▶ [DATA TO PROCESS]:
lemma line_difference_le:
  fixes \<psi> :: "real^'n::finite \<Rightarrow> real"
  assumes diff: "\<And>y. (\<lambda>t. \<psi> (y + t *\<^sub>R axis i 1)) differentiable (at 0)"
    and B: "\<And>y. \<bar>pd i \<psi> y\<bar> \<le> B" and h: "h > 0"
  shows "\<bar>\<psi> (x + h *\<^sub>R axis i 1) - \<psi> x\<bar> \<le> B * h"
proof -
  have "((\<lambda>t. \<psi> (x + t *\<^sub>R axis i 1)) has_real_derivative pd i \<psi> (x + z *\<^sub>R axis i 1)) (at z)" for z
    by (rule line_has_derivative_pd_at[OF diff])
  then obtain z
    where "\<psi> (x + h *\<^sub>R axis i 1) - \<psi> (x + 0 *\<^sub>R axis i 1) = (h - 0) * pd i \<psi> (x + z *\<^sub>R axis i 1)"
    using MVT2[OF h, of "\<lambda>t. \<psi> (x + t *\<^sub>R axis i 1)" "\<lambda>z. pd i \<psi> (x + z *\<^sub>R axis i 1)"] by blast
  then show ?thesis
    using B[of "x + z *\<^sub>R axis i 1"] h by (simp add: abs_mult mult.commute mult_left_mono)
qed

lemma difference_quotient_le_indicator:
  fixes \<psi> :: "real^'n::finite \<Rightarrow> real"
  assumes diff: "\<And>y. (\<lambda>t. \<psi> (y + t *\<^sub>R axis i 1)) differentiable (at 0)"
    and B: "\<And>y. \<bar>pd i \<psi> y\<bar> \<le> B" and R: "\<And>x. \<psi> x \<noteq> 0 \<Longrightarrow> norm x \<le> R"
    and h: "0 < h" "h \<le> 1"
  shows "\<bar>(\<psi> (x + h *\<^sub>R axis i 1) - \<psi> x) / h\<bar> \<le> B * indicator (cball 0 (R + 1)) x"
proof (cases "norm x \<le> R + 1")
  case True
  have "\<bar>(\<psi> (x + h *\<^sub>R axis i 1) - \<psi> x) / h\<bar> = \<bar>\<psi> (x + h *\<^sub>R axis i 1) - \<psi> x\<bar> / h"
    using h by simp
  also have "\<dots> \<le> B * h / h"
    using line_difference_le[OF diff B h(1), of x] h by (intro divide_right_mono) simp_all
  finally have "\<bar>(\<psi> (x + h *\<^sub>R axis i 1) - \<psi> x) / h\<bar> \<le> B * h / h" .
  then show ?thesis
    using True h by simp
next
  case False
  have "norm x \<le> norm (x + h *\<^sub>R axis i 1) + norm (h *\<^sub>R axis i (1::real))"
    using norm_triangle_ineq[of "x + h *\<^sub>R axis i 1" "- (h *\<^sub>R axis i 1)"] by simp
  then have "\<psi> x = 0" "\<psi> (x + h *\<^sub>R axis i 1) = 0"
    using False h R[of x] R[of "x + h *\<^sub>R axis i 1"] by force+
  then show ?thesis
    using False by simp
qed
lemma net_flow_singleton:
  "net_flow f {v} = (\<Sum>e\<in>{e\<in>E. fst (ends e) = v}. f e) - (\<Sum>e\<in>{e\<in>E. snd (ends e) = v}. f e)"
proof -
  have "net_flow f {v}
      = (\<Sum>e\<in>E. (if fst (ends e) = v then f e else 0) - (if snd (ends e) = v then f e else 0))"
    unfolding net_flow_def by (rule sum.cong) (auto simp: incidence_def)
  then show ?thesis
    by (simp add: sum_subtractf sum.inter_filter[OF finite_E])
qed

definition within_bounds :: "('e \<Rightarrow> int) \<Rightarrow> ('e \<Rightarrow> int) \<Rightarrow> ('e \<Rightarrow> int) \<Rightarrow> bool" where
  "within_bounds l u f \<longleftrightarrow> (\<forall>e\<in>E. l e \<le> f e \<and> f e \<le> u e)"

definition residual :: "('e \<Rightarrow> int) \<Rightarrow> ('e \<Rightarrow> int) \<Rightarrow> ('e \<Rightarrow> int) \<Rightarrow> 'v \<Rightarrow> 'v \<Rightarrow> bool" where
  "residual l u f x y \<longleftrightarrow> (\<exists>e\<in>E. (fst (ends e) = x \<and> snd (ends e) = y \<and> f e < u e) \<or>
                                     (snd (ends e) = x \<and> fst (ends e) = y \<and> l e < f e))"

definition cut_capacity :: "('e \<Rightarrow> int) \<Rightarrow> ('e \<Rightarrow> int) \<Rightarrow> 'v set \<Rightarrow> int" where
  "cut_capacity l u S =
     (\<Sum>e\<in>E. if fst (ends e) \<in> S \<and> snd (ends e) \<notin> S then u e
             else if fst (ends e) \<notin> S \<and> snd (ends e) \<in> S then - l e else 0)"

lemma residual_in_V: "residual l u f x y \<Longrightarrow> y \<in> V"
  unfolding residual_def using tail_in_V head_in_V by blast

lemma residualE:
  assumes "residual l u f x z" "x \<noteq> z" "within_bounds l u f"
  obtains e c where "e \<in> E" "{fst (ends e), snd (ends e)} = {x, z}"
    and "\<And>v. c * incidence {v} e = (if v = x then 1 else 0) - (if v = z then 1 else 0)"
    and "l e \<le> f e + c" "f e + c \<le> u e"
proof -
  from assms(1) obtain e where e: "e \<in> E" and arc:
    "(fst (ends e) = x \<and> snd (ends e) = z \<and> f e < u e) \<or> (snd (ends e) = x \<and> fst (ends e) = z \<and> l e < f e)"
    unfolding residual_def by blast
  have "l e \<le> f e" "f e \<le> u e"
    using assms(3) e by (auto simp: within_bounds_def)
  with arc assms(2) show thesis
    by (elim disjE) (rule that[OF e, of 1] that[OF e, of "-1"]; auto simp: incidence_def)+
qed

lemma augment_along_path:
  assumes "rtrancl_path (residual l u f) x xs y" "distinct (x # xs)" "within_bounds l u f"
  shows "\<exists>g. within_bounds l u g
    \<and> (\<forall>v. net_flow g {v} = net_flow f {v} + (if v = x then 1 else 0) - (if v = y then 1 else 0))
    \<and> (\<forall>e\<in>E. g e \<noteq> f e \<longrightarrow> fst (ends e) \<in> set (x # xs) \<and> snd (ends e) \<in> set (x # xs))"
  using assms
proof (induction rule: rtrancl_path.induct)
  case (base x)
  show ?case
    using base by auto
next
  case (step x z ys y)
  then have "distinct (z # ys)" "x \<notin> set (z # ys)"
    by auto
  with step.IH step.prems(2) obtain g where g: "within_bounds l u g"
    and g_net: "\<forall>v. net_flow g {v} = net_flow f {v} + (if v = z then 1 else 0) - (if v = y then 1 else 0)"
    and g_changed: "\<forall>e\<in>E. g e \<noteq> f e \<longrightarrow> fst (ends e) \<in> set (z # ys) \<and> snd (ends e) \<in> set (z # ys)"
    by blast
  have "x \<noteq> z"
    using step.prems(1) by auto
  obtain e c where e: "e \<in> E" "{fst (ends e), snd (ends e)} = {x, z}"
    and c: "\<And>v. c * incidence {v} e = (if v = x then 1 else 0) - (if v = z then 1 else 0)"
    and bounds: "l e \<le> f e + c" "f e + c \<le> u e"
    using residualE[OF step.hyps(1) \<open>x \<noteq> z\<close> step.prems(2)] by blast
  have "g e = f e"
    using g_changed e \<open>x \<notin> set (z # ys)\<close> by (metis doubleton_eq_iff insertI1)
  let ?g = "g(e := g e + c)"
  have "within_bounds l u ?g"
    using g bounds \<open>g e = f e\<close> by (auto simp: within_bounds_def)
  moreover have "net_flow ?g {v} = net_flow f {v} + (if v = x then 1 else 0) - (if v = y then 1 else 0)" for v
    using g_net c[of v] \<open>x \<noteq> z\<close> by (auto simp: net_flow_fun_upd[OF e(1)])
  moreover have "\<forall>e'\<in>E. ?g e' \<noteq> f e' \<longrightarrow> fst (ends e') \<in> set (x # z # ys) \<and> snd (ends e') \<in> set (x # z # ys)"
    using g_changed e(2) by (auto simp: doubleton_eq_iff)
  ultimately show ?case
    by blast
qed

lemma residual_closed_cut:
  assumes "within_bounds l u f" and closed: "\<And>x y. x \<in> R \<Longrightarrow> residual l u f x y \<Longrightarrow> y \<in> R"
  shows "cut_capacity l u R \<le> net_flow f R"
  unfolding cut_capacity_def net_flow_def
proof (rule sum_mono)
  fix e assume e: "e \<in> E"
  show "(if fst (ends e) \<in> R \<and> snd (ends e) \<notin> R then u e
         else if fst (ends e) \<notin> R \<and> snd (ends e) \<in> R then - l e else 0) \<le> f e * incidence R e"
  proof -
    have "fst (ends e) \<in> R \<Longrightarrow> snd (ends e) \<notin> R \<Longrightarrow> u e \<le> f e"
      using closed[of "fst (ends e)" "snd (ends e)"] e by (force simp: residual_def)
    moreover have "snd (ends e) \<in> R \<Longrightarrow> fst (ends e) \<notin> R \<Longrightarrow> f e \<le> l e"
      using closed[of "snd (ends e)" "fst (ends e)"] e by (force simp: residual_def)
    ultimately show ?thesis
      by (auto simp: incidence_def)
  qed
qed
(* Let $C$ be an $n\times n$ matrix of non-negative integers, and let $m\neq n$. Suppose: - all entries in the first $m$ rows of $C$ are non-zero; - all entries in the last $n-m$ rows of $C$ are zero; - at least one entry of $C$ equals $1$. Then there is an $(n+2)\times(n+2)$ integer matrix $D=(d_{il})$ such that: (i) the last $(n+2)-(m+2)$ rows of $D$ are identically zero; (ii) every entry in the first $m+2$ rows of $D$ is strictly positive; (iii) $d_{i1}=1$ for all $1\le i\le m+2$; (iv) the top-left $(m+2)\times(m+2)$ corner of $D$ has determinant zero; (v) $J_{nm}+C\sim_M J_{(n+2)(m+2)}+D$.
   Context: $J_{nm}$ ($0\le m\le n$) is the $n\times n$ matrix whose $i$-th row, for $i\le m$, has a $1$ in position $i$ and $0$ elsewhere, and whose last $n-m$ rows consist entirely of $\infty$. Arithmetic convention: $\infty+a=\infty$. For an $X\times X$ matrix $A$ with entries in $\{0,1,2,\dots\}\cup\{\infty\}$, $G_A$ is the graph with vertex set $X$ and exactly $A(x,y)$ edges from $x$ to $y$. For matrices, $A\sim_M B$ means $G_A\sim_M G_B$. A graph may have multiple edges and loops. A source receives no edges, a sink emits no edges, and an infinite emitter emits infinitely many edges. A vertex is singular if it is a sink or infinite emitter, and regular otherwise. Move-equivalence $\sim_M$ is the smallest equivalence relation on graphs with finitely many vertices such that $G\sim_M E$ whenever $E$ is isomorphic to a graph obtained from $G$ by one of the following moves. (S) Delete a regular source together with the edges it emits. (R) For a regular vertex $u$ emitting exactly one edge $f$, with $r(f)\neq u$, and all of whose incoming edges have the same source $v$: delete $u$, $f$ and the edges into $u$, and add for each $e\in r^{-1}(u)$ an edge $[ef]$ from $v$ to $r(f)$. (O) Out-splitting at a non-sink $v$ along a partition $\mathcal E_1,\dots,\mathcal E_n$ of $s^{-1}(v)$ with at most one infinite part. Replace $v$ by $v^1,\dots,v^n$. Each edge $e$ into $v$ becomes copies $e^1,\dots,e^n$ with $r(e^i)=v^i$ and source $s(e)$, or source $v^j$ if $s(e)=v$ and $e\in\mathcal E_j$. An edge from $v$ to $w\neq v$ lying in $\mathcal E_i$ gets source $v^i$. (I) In-splitting at a regular non-source $v$ along a partition $\mathcal E_1,\dots,\mathcal E_n$ of $r^{-1}(v)$. Replace $v$ by $v^1,\dots,v^n$. Each edge $e$ out of $v$ becomes copies $e^1,\dots,e^n$ with $s(e^i)=v^i$ and range $r(e)$, or range $v^j$ if $r(e)=v$ and $e\in\mathcal E_j$. An edge into $v$ from $w\neq v$ lying in $\mathcal E_i$ gets range $v^i$. *)

theory Defs
  imports "Jordan_Normal_Form.Determinant" "HOL-Library.Nat_Bijection" "HOL-Library.Extended_Nat"
begin
(* Let $d\ge2$, $t\ge 0$, and let $\Phi_t:\mathbb M_d\to\mathbb M_d$, $\Phi_t(X)=\mathrm{Tr}(X)I_d-tX$. Fix $\alpha\in[1,d]$ and write $k:=\lfloor\alpha\rfloor$, $\theta:=\alpha-k\in[0,1)$. Then $$\Phi_t\in\mathsf P_\alpha\iff t\le t^\ast_\alpha:=\frac{k+\theta^2}{(k+\theta)^2},$$ and in fact $\lambda_\alpha(C_{\Phi_t})=1-t\frac{(k+\theta)^2}{k+\theta^2}$. Moreover the threshold is sharp: if $t>t^\ast_\alpha$ there exists $x\in\mathcal V_\alpha$ with $\langle x,C_{\Phi_t}x\rangle<0$; if $\alpha\in(k,k+1)$ one may take $x$ with Schmidt coefficients $\frac{1}{\sqrt{k+\theta^2}}$ ($k$ times), $\frac{\theta}{\sqrt{k+\theta^2}}$, and $0$ otherwise; if $\alpha=d$ one may take $x=\omega:=\frac1{\sqrt d}\sum_{i=1}^de_i\otimes e_i$.
   Context: Here $n=m=d$. The Choi matrix of a linear $\Phi:\mathbb M_d\to\mathbb M_d$ is $C_\Phi=\sum_{i,j}E_{ij}\otimes\Phi(E_{ij})$ (matrix units $E_{ij}$; one has $C_{\Phi_t}=I\otimes I-td\,\omega\omega^\ast$). Schmidt coefficients $s_1(\psi)\ge\dots\ge s_d(\psi)\ge0$ of $\psi=\sum a_{ij}e_i\otimes e_j$ are the singular values of $[a_{ij}]$. For $\alpha\in[1,d]$ with $k=\lfloor\alpha\rfloor$, $\theta=\alpha-k$, $r=\lceil\alpha\rceil$, a unit vector $\psi$ is $\alpha$-admissible if $s_j(\psi)=0$ for $j\ge r+1$ and, when $\theta>0$, $s_{k+1}(\psi)\le\frac\theta k\sum_{j=1}^ks_j(\psi)$; $\mathcal V_\alpha$ is the set of these. For Hermitian $W$, $\lambda_\alpha(W):=\min\{\langle x,Wx\rangle:x\in\mathcal V_\alpha\}$. A Hermitian-preserving $\Phi$ is in $\mathsf P_\alpha$ if $\langle\psi,C_\Phi\psi\rangle\ge0$ for all $\psi\in\mathcal V_\alpha$ (equivalently $\lambda_\alpha(C_\Phi)\ge0$). *)

theory Defs
  imports "HOL-Analysis.Analysis"
begin

text \<open>A d x d complex matrix is a function nat => nat => complex, only the
 entries with indices < d matter (indices 0..d-1 stand for 1..d).  A vector
 psi = sum a_ij e_i (x) e_j of C^d (x) C^d is represented by its coefficient matrix a.\<close>

type_synonym cmat = "nat \<Rightarrow> nat \<Rightarrow> complex"

definition unitary_mat :: "nat \<Rightarrow> cmat \<Rightarrow> bool" where
  "unitary_mat d U \<longleftrightarrow>
     (\<forall>i<d. \<forall>j<d. (\<Sum>m<d. U i m * cnj (U j m)) = (if i = j then 1 else 0))"

definition is_singular_values :: "nat \<Rightarrow> cmat \<Rightarrow> (nat \<Rightarrow> real) \<Rightarrow> bool" where
  "is_singular_values d a s \<longleftrightarrow>
     (\<forall>j. 0 \<le> s j) \<and> (\<forall>j. d \<le> j \<longrightarrow> s j = 0) \<and>
     (\<forall>i j. i \<le> j \<longrightarrow> j < d \<longrightarrow> s j \<le> s i) \<and>
     (\<exists>U V. unitary_mat d U \<and> unitary_mat d V \<and>
        (\<forall>i<d. \<forall>p<d. a i p = (\<Sum>m<d. U i m * complex_of_real (s m) * cnj (V p m))))"

text \<open>Schmidt coefficients s_1 >= ... >= s_d of psi: schmidt d a j is s_(j+1).\<close>
definition schmidt :: "nat \<Rightarrow> cmat \<Rightarrow> nat \<Rightarrow> real" where
  "schmidt d a = (SOME s. is_singular_values d a s)"

definition unit_vec :: "nat \<Rightarrow> cmat \<Rightarrow> bool" where
  "unit_vec d a \<longleftrightarrow> (\<Sum>i<d. \<Sum>p<d. (cmod (a i p))\<^sup>2) = 1"

definition admissible :: "nat \<Rightarrow> real \<Rightarrow> cmat \<Rightarrow> bool" where
  "admissible d \<alpha> a \<longleftrightarrow>
     (let k = nat \<lfloor>\<alpha>\<rfloor>; \<theta> = \<alpha> - real k; r = nat \<lceil>\<alpha>\<rceil> in
       unit_vec d a \<and>
       (\<forall>j. r \<le> j \<longrightarrow> schmidt d a j = 0) \<and>
       (\<theta> > 0 \<longrightarrow> schmidt d a k \<le> \<theta> / real k * (\<Sum>j<k. schmidt d a j)))"

definition V_set :: "nat \<Rightarrow> real \<Rightarrow> cmat set" where
  "V_set d \<alpha> = {a. admissible d \<alpha> a}"

text \<open>Matrix units E_ij and Choi matrix C_Phi = sum E_ij (x) Phi(E_ij); the entry of C_Phi
 in row e_i (x) e_p and column e_j (x) e_q is Phi(E_ij)_pq.\<close>
definition mat_unit :: "nat \<Rightarrow> nat \<Rightarrow> cmat" where
  "mat_unit i j = (\<lambda>a b. if a = i \<and> b = j then 1 else 0)"

definition choi :: "(cmat \<Rightarrow> cmat) \<Rightarrow> nat \<times> nat \<Rightarrow> nat \<times> nat \<Rightarrow> complex" where
  "choi \<Phi> = (\<lambda>(i, p) (j, q). \<Phi> (mat_unit i j) p q)"

definition qform :: "nat \<Rightarrow> (nat \<times> nat \<Rightarrow> nat \<times> nat \<Rightarrow> complex) \<Rightarrow> cmat \<Rightarrow> complex" where
  "qform d W x = (\<Sum>i<d. \<Sum>p<d. \<Sum>j<d. \<Sum>q<d. cnj (x i p) * W (i, p) (j, q) * x j q)"

definition lambda_alpha :: "nat \<Rightarrow> real \<Rightarrow> (nat \<times> nat \<Rightarrow> nat \<times> nat \<Rightarrow> complex) \<Rightarrow> real" where
  "lambda_alpha d \<alpha> W = Inf ((\<lambda>x. Re (qform d W x)) ` V_set d \<alpha>)"

definition hermitian_mat :: "nat \<Rightarrow> cmat \<Rightarrow> bool" where
  "hermitian_mat d X \<longleftrightarrow> (\<forall>i<d. \<forall>j<d. X j i = cnj (X i j))"

definition hermitian_preserving :: "nat \<Rightarrow> (cmat \<Rightarrow> cmat) \<Rightarrow> bool" where
  "hermitian_preserving d \<Phi> \<longleftrightarrow> (\<forall>X. hermitian_mat d X \<longrightarrow> hermitian_mat d (\<Phi> X))"

text \<open>The quadratic form is real for Hermitian-preserving maps (Choi matrix Hermitian).\<close>
definition in_P :: "nat \<Rightarrow> real \<Rightarrow> (cmat \<Rightarrow> cmat) \<Rightarrow> bool" where
  "in_P d \<alpha> \<Phi> \<longleftrightarrow> hermitian_preserving d \<Phi> \<and>
     (\<forall>\<psi>\<in>V_set d \<alpha>. 0 \<le> Re (qform d (choi \<Phi>) \<psi>))"

definition mtrace :: "nat \<Rightarrow> cmat \<Rightarrow> complex" where
  "mtrace d X = (\<Sum>i<d. X i i)"

definition Phi_t :: "nat \<Rightarrow> real \<Rightarrow> cmat \<Rightarrow> cmat" where
  "Phi_t d t X = (\<lambda>i j. (if i = j then mtrace d X else 0) - complex_of_real t * X i j)"

definition omega :: "nat \<Rightarrow> cmat" where
  "omega d = (\<lambda>i j. if i = j then complex_of_real (1 / sqrt (real d)) else 0)"

end

theory Submission
  imports Defs "Jordan_Normal_Form.Spectral_Radius" "HOL-Combinatorics.List_Permutation"
begin

text \<open>For a vector with coefficient matrix \<open>a\<close>, \<open>\<langle>x, C\<^bsub>\<Phi>\<^sub>t\<^esub> x\<rangle> = \<parallel>a\<parallel>\<^sup>2 - t \<bar>Tr a\<bar>\<^sup>2\<close>, so
  everything reduces to maximising \<open>\<bar>Tr a\<bar>\<close> over \<open>\<alpha>\<close>-admissible unit vectors.  By the singular
  value decomposition \<open>\<bar>Tr a\<bar> \<le> \<Sum> s\<^sub>j\<close> and \<open>\<Sum> s\<^sub>j\<^sup>2 = 1\<close>; Cauchy-Schwarz on the first \<open>k\<close>
  coefficients together with the admissibility constraint \<open>k s\<^sub>k\<^sub>+\<^sub>1 \<le> \<theta> (s\<^sub>1 + \<dots> + s\<^sub>k)\<close> gives
  \<open>(\<Sum> s\<^sub>j)\<^sup>2 \<le> (k + \<theta>)\<^sup>2 / (k + \<theta>\<^sup>2)\<close>.  Equality holds for the diagonal matrix with entries
  \<open>1/\<surd>(k + \<theta>\<^sup>2)\<close> (\<open>k\<close> times) and \<open>\<theta>/\<surd>(k + \<theta>\<^sup>2)\<close>, whose Schmidt coefficients are exactly
  these entries by uniqueness of singular values.\<close>

definition cmat_mult :: "nat \<Rightarrow> cmat \<Rightarrow> cmat \<Rightarrow> cmat" where
  "cmat_mult n A B = (\<lambda>i j. \<Sum>m<n. A i m * B m j)"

▶ [EXERCISE AIM]: All lines above from the one holding "(\<forall>\<psi>\<in>V_set d \<alpha>." to the one holding "everything reduces to", inclusive, are to be copied exactly; no other line is wanted.

▶ [RESPONSE TO THIS EXERCISE]:
     (\<forall>\<psi>\<in>V_set d \<alpha>. 0 \<le> Re (qform d (choi \<Phi>) \<psi>))"

definition mtrace :: "nat \<Rightarrow> cmat \<Rightarrow> complex" where
  "mtrace d X = (\<Sum>i<d. X i i)"

definition Phi_t :: "nat \<Rightarrow> real \<Rightarrow> cmat \<Rightarrow> cmat" where
  "Phi_t d t X = (\<lambda>i j. (if i = j then mtrace d X else 0) - complex_of_real t * X i j)"

definition omega :: "nat \<Rightarrow> cmat" where
  "omega d = (\<lambda>i j. if i = j then complex_of_real (1 / sqrt (real d)) else 0)"

end

theory Submission
  imports Defs "Jordan_Normal_Form.Spectral_Radius" "HOL-Combinatorics.List_Permutation"
begin

text \<open>For a vector with coefficient matrix \<open>a\<close>, \<open>\<langle>x, C\<^bsub>\<Phi>\<^sub>t\<^esub> x\<rangle> = \<parallel>a\<parallel>\<^sup>2 - t \<bar>Tr a\<bar>\<^sup>2\<close>, so
  everything reduces to maximising \<open>\<bar>Tr a\<bar>\<close> over \<open>\<alpha>\<close>-admissible unit vectors.  By the singular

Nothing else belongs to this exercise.